Exercise aim >> Exactly as written, retype all of the records that come next.

Dataset entries >>
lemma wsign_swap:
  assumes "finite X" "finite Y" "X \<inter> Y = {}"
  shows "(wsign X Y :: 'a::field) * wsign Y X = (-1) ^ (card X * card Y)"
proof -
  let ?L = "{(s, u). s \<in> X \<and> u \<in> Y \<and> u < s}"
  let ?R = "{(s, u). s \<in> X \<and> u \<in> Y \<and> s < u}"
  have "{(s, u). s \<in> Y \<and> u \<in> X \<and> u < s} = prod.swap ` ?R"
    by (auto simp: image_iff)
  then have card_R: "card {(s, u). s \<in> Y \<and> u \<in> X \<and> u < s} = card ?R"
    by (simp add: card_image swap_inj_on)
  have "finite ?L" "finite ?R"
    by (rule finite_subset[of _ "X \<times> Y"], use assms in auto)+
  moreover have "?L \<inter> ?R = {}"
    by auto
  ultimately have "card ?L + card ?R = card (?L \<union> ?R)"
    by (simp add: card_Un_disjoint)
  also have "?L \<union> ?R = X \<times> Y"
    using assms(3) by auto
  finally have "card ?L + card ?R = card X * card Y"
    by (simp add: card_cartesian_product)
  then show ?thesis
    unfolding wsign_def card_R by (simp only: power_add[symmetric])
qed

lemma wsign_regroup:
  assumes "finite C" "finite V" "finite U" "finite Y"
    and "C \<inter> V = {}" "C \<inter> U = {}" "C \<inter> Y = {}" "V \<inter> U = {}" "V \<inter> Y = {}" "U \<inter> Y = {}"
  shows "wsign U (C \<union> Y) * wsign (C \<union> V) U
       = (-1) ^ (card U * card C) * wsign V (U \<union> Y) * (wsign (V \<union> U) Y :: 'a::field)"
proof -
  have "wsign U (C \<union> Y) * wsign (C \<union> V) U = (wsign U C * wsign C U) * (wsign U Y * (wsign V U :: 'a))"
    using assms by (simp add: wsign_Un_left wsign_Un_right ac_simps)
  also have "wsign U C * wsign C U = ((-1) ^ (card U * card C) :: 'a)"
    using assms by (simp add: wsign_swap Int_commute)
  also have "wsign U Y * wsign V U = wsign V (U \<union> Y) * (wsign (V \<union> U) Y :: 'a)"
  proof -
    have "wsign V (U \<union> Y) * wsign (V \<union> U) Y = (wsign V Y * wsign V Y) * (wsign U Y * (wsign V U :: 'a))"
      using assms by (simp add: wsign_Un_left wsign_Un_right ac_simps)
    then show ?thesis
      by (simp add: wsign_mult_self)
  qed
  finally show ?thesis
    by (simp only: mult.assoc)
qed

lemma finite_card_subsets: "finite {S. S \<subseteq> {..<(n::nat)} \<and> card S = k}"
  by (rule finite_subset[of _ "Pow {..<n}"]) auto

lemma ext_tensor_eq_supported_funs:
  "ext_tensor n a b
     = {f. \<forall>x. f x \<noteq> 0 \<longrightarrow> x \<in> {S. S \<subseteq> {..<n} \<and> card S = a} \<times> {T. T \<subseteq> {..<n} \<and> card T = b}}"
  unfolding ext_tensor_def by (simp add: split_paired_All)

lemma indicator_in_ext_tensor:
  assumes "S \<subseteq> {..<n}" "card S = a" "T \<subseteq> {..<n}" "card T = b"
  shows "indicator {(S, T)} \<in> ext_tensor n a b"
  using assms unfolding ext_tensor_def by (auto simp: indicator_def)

Response to this exercise >>
lemma wsign_swap:
  assumes "finite X" "finite Y" "X \<inter> Y = {}"
  shows "(wsign X Y :: 'a::field) * wsign Y X = (-1) ^ (card X * card Y)"
proof -
  let ?L = "{(s, u). s \<in> X \<and> u \<in> Y \<and> u < s}"
  let ?R = "{(s, u). s \<in> X \<and> u \<in> Y \<and> s < u}"
  have "{(s, u). s \<in> Y \<and> u \<in> X \<and> u < s} = prod.swap ` ?R"
    by (auto simp: image_iff)
  then have card_R: "card {(s, u). s \<in> Y \<and> u \<in> X \<and> u < s} = card ?R"
    by (simp add: card_image swap_inj_on)
  have "finite ?L" "finite ?R"
    by (rule finite_subset[of _ "X \<times> Y"], use assms in auto)+
  moreover have "?L \<inter> ?R = {}"
    by auto
  ultimately have "card ?L + card ?R = card (?L \<union> ?R)"
    by (simp add: card_Un_disjoint)
  also have "?L \<union> ?R = X \<times> Y"
    using assms(3) by auto
  finally have "card ?L + card ?R = card X * card Y"
    by (simp add: card_cartesian_product)
  then show ?thesis
    unfolding wsign_def card_R by (simp only: power_add[symmetric])
qed

lemma wsign_regroup:
  assumes "finite C" "finite V" "finite U" "finite Y"
    and "C \<inter> V = {}" "C \<inter> U = {}" "C \<inter> Y = {}" "V \<inter> U = {}" "V \<inter> Y = {}" "U \<inter> Y = {}"
  shows "wsign U (C \<union> Y) * wsign (C \<union> V) U
       = (-1) ^ (card U * card C) * wsign V (U \<union> Y) * (wsign (V \<union> U) Y :: 'a::field)"
proof -
  have "wsign U (C \<union> Y) * wsign (C \<union> V) U = (wsign U C * wsign C U) * (wsign U Y * (wsign V U :: 'a))"
    using assms by (simp add: wsign_Un_left wsign_Un_right ac_simps)
  also have "wsign U C * wsign C U = ((-1) ^ (card U * card C) :: 'a)"
    using assms by (simp add: wsign_swap Int_commute)
  also have "wsign U Y * wsign V U = wsign V (U \<union> Y) * (wsign (V \<union> U) Y :: 'a)"
  proof -
    have "wsign V (U \<union> Y) * wsign (V \<union> U) Y = (wsign V Y * wsign V Y) * (wsign U Y * (wsign V U :: 'a))"
      using assms by (simp add: wsign_Un_left wsign_Un_right ac_simps)
    then show ?thesis
      by (simp add: wsign_mult_self)
  qed
  finally show ?thesis
    by (simp only: mult.assoc)
qed

lemma finite_card_subsets: "finite {S. S \<subseteq> {..<(n::nat)} \<and> card S = k}"
  by (rule finite_subset[of _ "Pow {..<n}"]) auto

lemma ext_tensor_eq_supported_funs:
  "ext_tensor n a b
     = {f. \<forall>x. f x \<noteq> 0 \<longrightarrow> x \<in> {S. S \<subseteq> {..<n} \<and> card S = a} \<times> {T. T \<subseteq> {..<n} \<and> card T = b}}"
  unfolding ext_tensor_def by (simp add: split_paired_All)

lemma indicator_in_ext_tensor:
  assumes "S \<subseteq> {..<n}" "card S = a" "T \<subseteq> {..<n}" "card T = b"
  shows "indicator {(S, T)} \<in> ext_tensor n a b"
  using assms unfolding ext_tensor_def by (auto simp: indicator_def)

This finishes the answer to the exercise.